This is going to be an odd post which will start out sweet and end up a bit sour, but I can promise you that it will be colorful throughout. There’s one aspect of Salem’s history that I never seem to be able to cover completely, despite the longevity of this blog: its horticultural history. Salem was really famous for its horticulture a century or so ago: you can’t browse through a stack (or a database) of house and garden magazines from the first half of the twentieth century without encountering articles on the “old–fashioned” gardens of Old Salem. Several really notable cultivators and landscapers lived here, and one still does! There is continuity: the city still has some wonderful private and public gardens: among the latter are the Ropes Mansion and Derby House gardens, which are open to the public. There are so many flowering trees and to see in Salem just while walking down the street, especially at this time of year or a bit earlier. So I’ve got some nice photos from the past two weeks or so, and that was going to be the exclusive focus of this post: a parade of colors in Salem for Pride month! But, stuff happens, and in the middle of this very a trouble man painted the Bewitched statue in Town House Square red, setting off a wave of national headlines and local commentary. So I think I’ll add Samantha to this colorful mix. But first: Ropes and Derby:
Salem in June: the Peabody Essex Museum’s Ropes Mansion garden is really more of a high/late summer garden, but the Derby House garden at the Salem Maritime National Historic site is perfect in June.
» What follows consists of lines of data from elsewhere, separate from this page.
lemma relax_step_if_step:
  assumes "d_step N r \<gamma> \<gamma>' \<or> par_step N r \<gamma> \<gamma>'"
  shows "relax_step N r \<gamma> \<gamma>'"
proof -
  have root: "dval \<gamma>' r = dval \<gamma> r"
    using assms unfolding d_step_def par_step_def by auto
  from assms obtain S where "\<gamma>' = \<lparr>dval = (\<lambda>p. if p \<in> S then new_d N r \<gamma> p else dval \<gamma> p),
      par = (\<lambda>p. if p \<in> S then new_par N r \<gamma> p else par \<gamma> p)\<rparr>"
    unfolding d_step_def par_step_def bfs_step_def by blast
  then show ?thesis
    using root unfolding relax_step_def by (auto simp: new_d_def)
qed

lemma relax_bounded:
  fixes \<gamma> :: "nat \<Rightarrow> 'v::finite cfg"
  assumes "graph_ok N" and relax: "\<And>t. relax_step N r (\<gamma> t) (\<gamma> (Suc t))"
  obtains B where "\<And>t p. dval (\<gamma> t) p \<le> B"
proof -
  obtain h :: "'v \<Rightarrow> nat" where h: "\<And>p. p \<noteq> r \<Longrightarrow> \<exists>q\<in>set (N p). h q < h p"
    using exists_level_function[OF assms(1)] by blast
  define K where "K = Max (range (dval (\<gamma> 0)))"
  have level_bound: "dval (\<gamma> t) p \<le> K + h p" for t p
  proof (induction t arbitrary: p)
    case 0
    show ?case unfolding K_def by (simp add: trans_le_add1)
  next
    case (Suc t)
    show ?case
    proof (cases "dval (\<gamma> (Suc t)) p = dval (\<gamma> t) p")
      case True
      then show ?thesis using Suc.IH by simp
    next
      case False
      with relax[of t] have "p \<noteq> r" and new: "dval (\<gamma> (Suc t)) p = Dist N (\<gamma> t) p"
        unfolding relax_step_def by blast+
      then obtain q where q: "q \<in> set (N p)" "h q < h p" using h by blast
      have "dval (\<gamma> (Suc t)) p \<le> dval (\<gamma> t) q + 1" using new Dist_le[of q N p] q(1) by simp
      also have "\<dots> \<le> K + h q + 1" using Suc.IH[of q] by simp
      finally show ?thesis using q(2) by simp
    qed
  qed
  show ?thesis
  proof
    fix t p
    have "h p \<le> Max (range h)" by (rule Max_ge) auto
    with level_bound[of t p] show "dval (\<gamma> t) p \<le> K + Max (range h)" by linarith
  qed
qed

lemma eventually_less_Dist:
  assumes "N p \<noteq> []"
    and neighbours: "\<forall>q\<in>set (N p). (\<forall>\<^sub>F t in sequentially. m \<le> dval (\<gamma> t) q)
                     \<or> (\<exists>c. m < c + 1 \<and> (\<forall>\<^sub>F t in sequentially. dval (\<gamma> t) q = c))"
  shows "\<forall>\<^sub>F t in sequentially. m < Dist N (\<gamma> t) p"
proof -
  have "\<forall>\<^sub>F t in sequentially. \<forall>q\<in>set (N p). m < dval (\<gamma> t) q + 1"
  proof (intro eventually_ball_finite ballI)
    fix q assume "q \<in> set (N p)"
    with neighbours consider "\<forall>\<^sub>F t in sequentially. m \<le> dval (\<gamma> t) q"
      | c where "m < c + 1" "\<forall>\<^sub>F t in sequentially. dval (\<gamma> t) q = c" by blast
    then show "\<forall>\<^sub>F t in sequentially. m < dval (\<gamma> t) q + 1"
      by cases (auto elim: eventually_mono)
  qed simp
  then show ?thesis by (rule eventually_mono) (rule less_Dist[of N p, OF assms(1)])
qed

lemma relax_node_eventually_stable:
  assumes relax: "\<And>t. relax_step N r (\<gamma> t) (\<gamma> (Suc t))" and "N p \<noteq> []"
    and above: "\<forall>\<^sub>F t in sequentially. m \<le> dval (\<gamma> t) p"
    and hits: "\<exists>\<^sub>F t in sequentially. dval (\<gamma> t) p = m"
    and neighbours: "\<forall>q\<in>set (N p). (\<forall>\<^sub>F t in sequentially. m \<le> dval (\<gamma> t) q)
                        \<or> (\<exists>c. \<forall>\<^sub>F t in sequentially. dval (\<gamma> t) q = c)"
  shows "\<forall>\<^sub>F t in sequentially. dval (\<gamma> (Suc t)) p = dval (\<gamma> t) p"
proof (rule ccontr)
  let ?d = "\<lambda>t. dval (\<gamma> t) p"
  assume "\<not> ?thesis"
  then have changes: "\<exists>\<^sub>F t in sequentially. ?d (Suc t) \<noteq> ?d t"
    by (simp add: not_eventually)
  have to_Dist: "?d (Suc t) \<noteq> ?d t \<Longrightarrow> ?d (Suc t) = Dist N (\<gamma> t) p" for t
    using relax[of t] unfolding relax_step_def by blast
  show False
  proof (cases "\<exists>q\<in>set (N p). \<exists>c. c + 1 \<le> m \<and> (\<forall>\<^sub>F t in sequentially. dval (\<gamma> t) q = c)")
    case True
    then obtain q c where q: "q \<in> set (N p)" "c + 1 \<le> m"
      and settled: "\<forall>\<^sub>F t in sequentially. dval (\<gamma> t) q = c" by blast
    have "\<forall>\<^sub>F t in sequentially. ?d (Suc t) \<noteq> ?d t \<longrightarrow> ?d (Suc t) \<in> {m}"
      using settled above[folded eventually_sequentially_Suc[of "\<lambda>t. m \<le> ?d t"]]
    proof eventually_elim
      case (elim t)
      then show ?case using to_Dist[of t] Dist_le[of q N p "\<gamma> t"] q by auto
    qed
    then have "\<forall>\<^sub>F t in sequentially. ?d t \<in> {m}"
      using changes by (rule eventually_in_if_frequent_changes_into)
    then have "\<forall>\<^sub>F t in sequentially. ?d t = m" by simp
    moreover from this have "\<forall>\<^sub>F t in sequentially. ?d (Suc t) = m"
      using eventually_sequentially_Suc[of "\<lambda>t. ?d t = m"] by simp
    ultimately have "\<forall>\<^sub>F t in sequentially. ?d (Suc t) = ?d t"
      by eventually_elim simp
    then show False using changes by (simp add: frequently_def)
  next
    case False
    have "\<forall>\<^sub>F t in sequentially. m < Dist N (\<gamma> t) p"
      using \<open>N p \<noteq> []\<close>
    proof (rule eventually_less_Dist, intro ballI)
      fix q assume "q \<in> set (N p)"
      with neighbours False
      show "(\<forall>\<^sub>F t in sequentially. m \<le> dval (\<gamma> t) q)
          \<or> (\<exists>c. m < c + 1 \<and> (\<forall>\<^sub>F t in sequentially. dval (\<gamma> t) q = c))"
        by (meson not_le)
    qed
    then have "\<forall>\<^sub>F t in sequentially. ?d (Suc t) \<noteq> ?d t \<longrightarrow> ?d (Suc t) \<in> {v. m < v}"
      by (rule eventually_mono) (use to_Dist in auto)
    then have "\<forall>\<^sub>F t in sequentially. ?d t \<in> {v. m < v}"
      using changes by (rule eventually_in_if_frequent_changes_into)
    then have "\<forall>\<^sub>F t in sequentially. ?d t \<noteq> m"
      by (rule eventually_mono) simp
    with hits show False by (simp add: frequently_def)
  qed
qed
My garden can’t really compete but I do want to show you my lady’s slippers and I really like the meadow rue that blooms at this time of year. I’ve thinned out my rose bushes, because they just don’t earn their keep in my small garden, so I only have the best bloomers and they are putting on a show right now. This the lady’s mantle time too: I’ve been training my younger cat Tuck on a leash, and the minute he gets it on he goes right for it, so you can see pre-bloom last week and bloom this week. Then there is the vertical garden at the new downtown condo building named Brix (not a fan of this building but I do like its exterior embellishments), peonies from around town, an impressive plant for which I need an identification outside the Peirce-Nichols house (baptisia?) and more roses, on Cambridge Street.
So that brings us to more unnatural color: blue trees and a red Samantha. In the side yard adjacent to the Peabody Essex Museum, the trees have been painted bright blue, a very bright royal blue. This is the 27th international installation of the artist Konstantin Dimopoulos’s The Blue Trees, an “environmental call to action” with watercolor which will fade with time. Very striking, especially at this time of year. With no manifesto and paint that was certainly not biologically-safe, a homeless man spray-painted the upper part of the Bewitched statue a few blocks away in downtown Salem in the middle of this past week. Red Samantha didn’t last long; indeed I’ve seldom seen a quicker response by the City. By the end of the day she was cleansed and a gofundme account set up to restore her to her former “glory”. For those of us in the never-Samantha camp, it was hard to bear the comments on social media protesting this act of vandalism as “disgusting” and “disrespectful” because that’s just how we view the statue: as disgusting and disrespectful to the victims of the 1692. Or maybe I should just speak for myself. As the story created regional and national headlines that night and the next day, I just couldn’t bear the use of the word “landmark” applied to this horror: a landmark should be something that one points to with pride, not embarrassment, which is generally how I feel every time I pass by Samantha. Salem Mayor Kim Driscoll praised the quick cleanup by her public services team and opined that “Samantha brings a degree of joy and whimsy to our downtown and has become a landmark location for thousands of visitors to Salem each year” but such craven capitalization on suffering remains incomprehensible to me. To return to my color theme (and lighten up things a bit), there was also a difficult juggling act for those who did not want to praise vandalism by any means, but at the same time thought that Samantha looked better draped in red. Anything could improve that eyesore, and I always see red when I gaze in her direction.
The Blue Trees of Konstantin Dimopoulus; and a fleeting Red Samantha.